Help me out of wireless hell
Paul Iadonisi
pri.nhlug at iadonisi.to
Tue Aug 27 12:16:41 EDT 2002
On Tue, Aug 27, 2002 at 11:14:36AM -0400, Tom Buskey wrote:
[snip]
>
> So, she returned the card, got a different brand, & everything's
> working. Yep, the linksys card should've worked, but why spend another
> minute on it when you have a solution that works?
Well, this is precisely why I'm inclined to keep the card. It works
perfectly where I *need* it to work. And if it hadn't been for the
WPC11v3/WAPv2.2 incompatibility, I would have had it working very quickly.
The drivers I grabbed from linux-wlan.com worked with very little tweaking,
once I tried it against the WAP where I'm doing my work.
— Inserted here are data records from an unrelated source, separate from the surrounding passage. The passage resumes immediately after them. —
lemma I2_grad:
  assumes x: "x \<in> Phase"
  shows "grad_r (I2_fun c N n n1 n2) x = vector [x$4, x$5, x$6,
      x$1 + pd (phi_fun c N n n1 n2) 1 (gv x), x$2 + pd (phi_fun c N n n1 n2) 2 (gv x),
      x$3 + pd (phi_fun c N n n1 n2) 3 (gv x)]"
proof -
  have dphi: "phi_fun c N n n1 n2 differentiable (at (gv x))"
    by (rule phi_differentiable[OF Phase_gv[OF x]])
  have dprod: "(\<lambda>y::real^6. y$i * y$k) differentiable (at x)" for i k
    by (intro differentiable_mult vec_nth_differentiable)
  have "pd (I2_fun c N n n1 n2) j x = axis j 1 $ 1 * x$4 + x$1 * axis j 1 $ 4
      + (axis j 1 $ 2 * x$5 + x$2 * axis j 1 $ 5) + (axis j 1 $ 3 * x$6 + x$3 * axis j 1 $ 6)
      + pd (\<lambda>y. phi_fun c N n n1 n2 (gv y)) j x" for j
    unfolding I2_as_phi
    by (simp only: pd_add differentiable_add dprod differentiable_gv_comp[OF dphi]
        pd_mult vec_nth_differentiable pd_coord)
  then show ?thesis
    by (simp add: vec_eq_iff forall_6 grad_r_nth pd_gv_comp[OF dphi])
qed

theorem I2_casimir: "casimir_on (Pi_mat (\<lambda>x. mu'_vec c N n n1 n2 (gv x))) Phase (I2_fun c N n n1 n2)"
  unfolding casimir_on_def
proof (intro conjI ballI)
  show "smooth_on Phase (I2_fun c N n n1 n2)" by (rule phase_regular_smooth[OF I2_regular])
  fix x assume x: "x \<in> Phase"
  define ps where "ps = psi_fun c N n n1 n2 (gv x)"
  define p where "p k = pd (phi_fun c N n n1 n2) k (gv x)" for k
  have "mu'_vec c N n n1 n2 (gv x) $ k = ps * gv x $ k + p k" for k
    using arg_cong[OF mu'_decomposition[OF Phase_gv[OF x]], of "\<lambda>v. v $ k"]
    by (simp add: ps_def p_def grad_r_nth)
  then have "mu'_vec c N n n1 n2 (gv x) $ 1 = ps * x$4 + p 1" "mu'_vec c N n n1 n2 (gv x) $ 2 = ps * x$5 + p 2"
    "mu'_vec c N n n1 n2 (gv x) $ 3 = ps * x$6 + p 3"
    by simp_all
  then show "Pi_mat (\<lambda>x. mu'_vec c N n n1 n2 (gv x)) x *v grad_r (I2_fun c N n n1 n2) x = 0"
    unfolding I2_grad[OF x] p_def[symmetric]
    by (simp add: vec_eq_iff forall_6 matrix_vector_mult_def sum_6 Pi_mat_def Let_def algebra_simps)
qed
The home based WAP is more of a 'nice to have'. I'd rather spend a little
time looking for an alternative WAP than change a card I know works where
it's more important.
Then again, I *might* change my mind. The Linksys WAPv2.2 is a cheap
and therefore popular choice. I'd might rather have a card that works with
it.
> FWIW, I like the compaq card better then the addtron. It works with
> Netstumbler. The addtron works with kismet though.
>
> I should mention that all this testing was done using WinXP :-/
Ah. That changes the picture quite a bit, I'd say. I haven't had any
problems with the Linux/WPC11v3 combination outside of the WAPv2.2 issue.
> OB unix: ok, my DHCP server is NetBSD
> OB Linux: my laptop is dual boot. I usually run Mandrake 8.2. WinXP
> boots faster though :-(
Betcha my OS (Red Hat 7.3 on a 500MHz Toshiba Tecra 8100) boots faster than
your OS. ;-) (Here's to hoping we never meet when we both happen to have our
laptops so you can't prove me wrong :-)).
--
-Paul Iadonisi
Senior System Administrator
Red Hat Certified Engineer / Local Linux Lobbyist
Ever see a penguin fly? -- Try Linux.